The input
########################################
(* For $u\in H^2(I)^d$ define $\mathcal J_{h,2}u(x):=u(a)+\int_a^x\mathcal I_{h,1}u'\,d\sigma$. Then $\mathcal J_{h,2}u\in\mathcal S^{2,0}(\mathcal T_h)^d$ and $$\int_I|(\mathcal J_{h,2}u)''|^2\,dx=\int_I|(\mathcal I_{h,1}u')'|^2\,dx\le\int_I|u''|^2\,dx.$$ Consequently, given $u_D\in H^2(I)^d$, every minimizer $u\in H^2(I)^d$ of the bending energy $E(u)=\frac12\int_I|u''|^2\,dx$ subject to the boundary conditions $u(a)=u_D(a)$, $u'(a)=u_D'(a)$, $u'(b)=u_D'(b)$ and the discrete inextensibility constraint $\mathcal I_{h,1}(|u'|^2-1)=0$ (i.e. $|u'(z)|=1$ for all $z\in\mathcal N_1(\mathcal T_h)$) belongs to $\mathcal S^{2,0}(\mathcal T_h)^d$.
   Context: Mesh notation: $I=(a,b)\subset\mathbb R$, $a=x_0<x_1<\dots<x_M=b$, $I_i=[x_{i-1},x_i]$, $h_i=x_i-x_{i-1}$, $h=\max_i h_i$, $\mathcal T_h=\{I_1,\dots,I_M\}$. The meshes are quasi-uniform: there is $c>0$ independent of $h$ with $h\le c\,h_i$ for all $i$. Let $m_i=(x_{i-1}+x_i)/2$, $\mathcal N_1(\mathcal T_h)=\{x_0,\dots,x_M\}$, $\mathcal N_2(\mathcal T_h)=\mathcal N_1(\mathcal T_h)\cup\{m_1,\dots,m_M\}$. For $k\ge1$, $l\in\{0,1\}$, $\mathcal S^{k,l}(\mathcal T_h)=\{v\in C^l(\bar I): v|_{I_i}\in\mathcal P_k\ \forall i\}$. For $k\in\{1,2\}$, $\mathcal I_{h,k}:C^0(\bar I)^d\to\mathcal S^{k,0}(\mathcal T_h)^d$ is the nodal interpolant defined by $\mathcal I_{h,k}v(z)=v(z)$ for all $z\in\mathcal N_k(\mathcal T_h)$ (applied componentwise). *)

theory Defs
  imports "HOL-Analysis.Analysis"
begin

definition is_mesh :: "real \<Rightarrow> real \<Rightarrow> (nat \<Rightarrow> real) \<Rightarrow> nat \<Rightarrow> bool" where
  "is_mesh a b xs M \<longleftrightarrow> 1 \<le> M \<and> xs 0 = a \<and> xs M = b \<and> (\<forall>i<M. xs i < xs (Suc i))"

definition S_k0 :: "nat \<Rightarrow> (nat \<Rightarrow> real) \<Rightarrow> nat \<Rightarrow> (real \<Rightarrow> 'a::euclidean_space) \<Rightarrow> bool" where
  "S_k0 k xs M v \<longleftrightarrow> continuous_on {xs 0..xs M} v \<and>
     (\<forall>i\<in>{1..M}. \<exists>c::nat \<Rightarrow> 'a. \<forall>t\<in>{xs (i - 1)..xs i}. v t = (\<Sum>j\<le>k. t ^ j *\<^sub>R c j))"

text \<open>Nodal P1 interpolant I_{h,1}: on the element [xs j, xs (Suc j)] containing t,
  linear interpolation of the nodal values.\<close>
definition interp1 :: "(nat \<Rightarrow> real) \<Rightarrow> (real \<Rightarrow> 'a::euclidean_space) \<Rightarrow> real \<Rightarrow> 'a" where
  "interp1 xs v t = (let j = (LEAST j. t \<le> xs (Suc j)) in
      v (xs j) + ((t - xs j) / (xs (Suc j) - xs j)) *\<^sub>R (v (xs (Suc j)) - v (xs j)))"

text \<open>g is a weak (a.e.) derivative of f on [a,b]: g is Lebesgue integrable and f is its
  indefinite integral (so f is absolutely continuous with f' = g a.e.).\<close>
definition wderiv :: "real \<Rightarrow> real \<Rightarrow> (real \<Rightarrow> 'a::euclidean_space) \<Rightarrow> (real \<Rightarrow> 'a) \<Rightarrow> bool" where
  "wderiv a b f g \<longleftrightarrow> g absolutely_integrable_on {a..b} \<and>
     (\<forall>t\<in>{a..b}. f t = f a + integral {a..t} g)"

definition sq_int :: "real \<Rightarrow> real \<Rightarrow> (real \<Rightarrow> 'a::euclidean_space) \<Rightarrow> bool" where
  "sq_int a b g \<longleftrightarrow> (\<lambda>t. (norm (g t))\<^sup>2) integrable_on {a..b}"

text \<open>u \<in> H^2(a,b)^d with (continuous) first derivative u1 and weak second derivative u2 \<in> L^2.\<close>
definition H2_rep :: "real \<Rightarrow> real \<Rightarrow> (real \<Rightarrow> 'a::euclidean_space) \<Rightarrow> (real \<Rightarrow> 'a) \<Rightarrow> (real \<Rightarrow> 'a) \<Rightarrow> bool" where
  "H2_rep a b u u1 u2 \<longleftrightarrow>
     (\<forall>t\<in>{a..b}. (u has_vector_derivative u1 t) (at t within {a..b})) \<and>
     wderiv a b u1 u2 \<and> sq_int a b u2"

definition H2 :: "real \<Rightarrow> real \<Rightarrow> (real \<Rightarrow> 'a::euclidean_space) \<Rightarrow> bool" where
  "H2 a b u \<longleftrightarrow> (\<exists>u1 u2. H2_rep a b u u1 u2)"

definition L2sq :: "real \<Rightarrow> real \<Rightarrow> (real \<Rightarrow> 'a::euclidean_space) \<Rightarrow> real" where
  "L2sq a b g = integral {a..b} (\<lambda>t. (norm (g t))\<^sup>2)"

definition J2 :: "(nat \<Rightarrow> real) \<Rightarrow> (real \<Rightarrow> 'a::euclidean_space) \<Rightarrow> (real \<Rightarrow> 'a) \<Rightarrow> real \<Rightarrow> 'a" where
  "J2 xs u u1 x = u (xs 0) + integral {xs 0..x} (interp1 xs u1)"

definition admissible :: "(nat \<Rightarrow> real) \<Rightarrow> nat \<Rightarrow> (real \<Rightarrow> 'a::euclidean_space) \<Rightarrow> (real \<Rightarrow> 'a)
     \<Rightarrow> (real \<Rightarrow> 'a) \<Rightarrow> (real \<Rightarrow> 'a) \<Rightarrow> (real \<Rightarrow> 'a) \<Rightarrow> bool" where
  "admissible xs M uD uD1 u u1 u2 \<longleftrightarrow> H2_rep (xs 0) (xs M) u u1 u2 \<and>
     u (xs 0) = uD (xs 0) \<and> u1 (xs 0) = uD1 (xs 0) \<and> u1 (xs M) = uD1 (xs M) \<and>
     (\<forall>i\<le>M. norm (u1 (xs i)) = 1)"

definition bending :: "real \<Rightarrow> real \<Rightarrow> (real \<Rightarrow> 'a::euclidean_space) \<Rightarrow> real" where
  "bending a b u2 = L2sq a b u2 / 2"

end

theory Submission
  imports Defs
begin

(* The derivative of J2 u is the P1 interpolant of u', whose derivative on an element
   [x_j, x_(j+1)] is the difference quotient of u', i.e. the mean of u'' over that element.
   By Cauchy-Schwarz, h_j |mean|^2 is at most the integral of |u''|^2 over the element, and
   summing over the elements gives the energy estimate; weak derivatives are unique a.e., so it
   holds for every representative of (J2 u)''. If u minimizes the bending energy, then J2 u is
   admissible as well (same value at a, same nodal values of u'), so all elementwise estimates
   are equalities. Equality in Cauchy-Schwarz forces u'' to be constant on each element, hence
   u is piecewise quadratic. *)

section \<open>Weak derivatives\<close>

lemma sigma_finite_lebesgue: "sigma_finite_measure (lebesgue :: real measure)"
  unfolding sigma_finite_measure_def
proof (intro exI[of _ "range (\<lambda>n::nat. {-real n..real n})"] conjI ballI)
  have "\<exists>n::nat. x \<in> {-real n..real n}" for x :: real
    by (rule exI[of _ "nat \<lceil>\<bar>x\<bar>\<rceil>"]) (auto simp: abs_le_iff, linarith+)
  then show "\<Union> (range (\<lambda>n::nat. {-real n..real n})) = space lebesgue"
    by auto
  fix A assume "A \<in> range (\<lambda>n::nat. {-real n..real n})"
  then show "emeasure lebesgue A \<noteq> \<infinity>"
    by (auto simp: emeasure_lborel_cbox_eq)
qed auto

lemma AE_zero_if_interval_integrals_zero:
  fixes F :: "real \<Rightarrow> 'a::euclidean_space"
  assumes F: "integrable lebesgue F"
    and total: "integral\<^sup>L lebesgue F = 0"
    and intervals: "\<And>x y. (LINT t:{x..y}|lebesgue. F t) = 0"
  shows "AE x in lebesgue. F x = 0"
proof (rule sigma_finite_measure.density_zero[OF sigma_finite_lebesgue F])
  have set_int: "set_integrable lebesgue A F" if "A \<in> sets lebesgue" for A
    unfolding set_integrable_def using integrable_mult_indicator[OF that F] .
  have borel_lebesgue: "A \<in> sets lebesgue" if "A \<in> sets borel" for A
    using that by simp
  have borel: "(LINT t:A|lebesgue. F t) = 0" if "A \<in> sets borel" for A
    using that
  proof (induction rule: borel_set_induct)
    case empty
    then show ?case by (simp add: set_lebesgue_integral_def)
  next
    case (interval a b)
    show ?case by (rule intervals)
  next
    case (compl A)
    have "(LINT t:(A \<union> -A)|lebesgue. F t) = (LINT t:A|lebesgue. F t) + (LINT t:-A|lebesgue. F t)"
      using compl.hyps by (intro set_integral_Un set_int borel_lebesgue) auto
    moreover have "(LINT t:(A \<union> -A)|lebesgue. F t) = 0"
      using total by (simp add: set_lebesgue_integral_def)
    ultimately show ?case using compl.IH by simp
  next
    case (union A)
    have "(LINT t:(\<Union>i. A i)|lebesgue. F t) = (\<Sum>i. (LINT t:A i|lebesgue. F t))"
      using union.hyps disjoint_family_onD[OF union.hyps(1)]
      by (intro lebesgue_integral_countable_add set_int borel_lebesgue) auto
    then show ?case using union.IH by simp
  qed
  fix A :: "real set" assume A: "A \<in> sets lebesgue"
  then obtain B N where BN: "B \<in> sets borel" "negligible N" "B \<union> N = A"
    by (rule sets_lebesgue_almost_borel)
  have "(LINT t:A|lebesgue. F t) = (LINT t:B|lebesgue. F t)"
    unfolding set_lebesgue_integral_def
  proof (rule integral_cong_AE)
    show "AE x in lebesgue. indicat_real A x *\<^sub>R F x = indicat_real B x *\<^sub>R F x"
      using BN by (intro AE_I'[of N]) (auto simp: negligible_iff_null_sets indicator_def)
  qed (use integrable_mult_indicator[OF A F] integrable_mult_indicator[OF borel_lebesgue[OF BN(1)] F] in auto)
  then show "(LINT t:A|lebesgue. F t) = 0"
    using borel[OF BN(1)] by simp
qed

lemma negligible_nonzero_if_interval_integrals_zero:
  fixes k :: "real \<Rightarrow> 'a::euclidean_space"
  assumes k: "k absolutely_integrable_on {a..b}"
    and intervals: "\<And>c d. a \<le> c \<Longrightarrow> d \<le> b \<Longrightarrow> integral {c..d} k = 0"
  shows "negligible {x \<in> {a..b}. k x \<noteq> 0}"
proof -
  define F where "F x = indicator {a..b} x *\<^sub>R k x" for x
  have F: "integrable lebesgue F"
    using k unfolding set_integrable_def F_def .
  have F_intervals: "(LINT t:{x..y}|lebesgue. F t) = 0" for x y
  proof -
    have "(LINT t:{x..y}|lebesgue. F t) = (LINT t:{max x a..min y b}|lebesgue. k t)"
      unfolding set_lebesgue_integral_def F_def
      by (rule arg_cong[where f="integral\<^sup>L lebesgue"]) (auto simp: indicator_def fun_eq_iff)
    also have "\<dots> = integral {max x a..min y b} k"
      by (rule set_lebesgue_integral_eq_integral(2))
        (rule absolutely_integrable_on_subinterval[OF k], auto)
    also have "\<dots> = 0" by (rule intervals) auto
    finally show ?thesis .
  qed
  have "integral\<^sup>L lebesgue F = (LINT t:{a..b}|lebesgue. F t)"
    unfolding set_lebesgue_integral_def F_def
    by (rule arg_cong[where f="integral\<^sup>L lebesgue"]) (auto simp: indicator_def fun_eq_iff)
  then have "AE x in lebesgue. F x = 0"
    using F_intervals by (intro AE_zero_if_interval_integrals_zero[OF F]) simp_all
  then obtain N where N: "negligible N" "{x. F x \<noteq> 0} \<subseteq> N"
    by (auto simp: eventually_ae_filter_negligible)
  show ?thesis
    by (rule negligible_subset[OF N(1)]) (use N(2) in \<open>auto simp: F_def\<close>)
qed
########################################
Task prompt
Copy out, exactly and alone, the lines of the entries above between the ones holding "linear interpolation of" and "(Suc j)) in", inclusive.

Problem solution
  linear interpolation of the nodal values.\<close>
definition interp1 :: "(nat \<Rightarrow> real) \<Rightarrow> (real \<Rightarrow> 'a::euclidean_space) \<Rightarrow> real \<Rightarrow> 'a" where
  "interp1 xs v t = (let j = (LEAST j. t \<le> xs (Suc j)) in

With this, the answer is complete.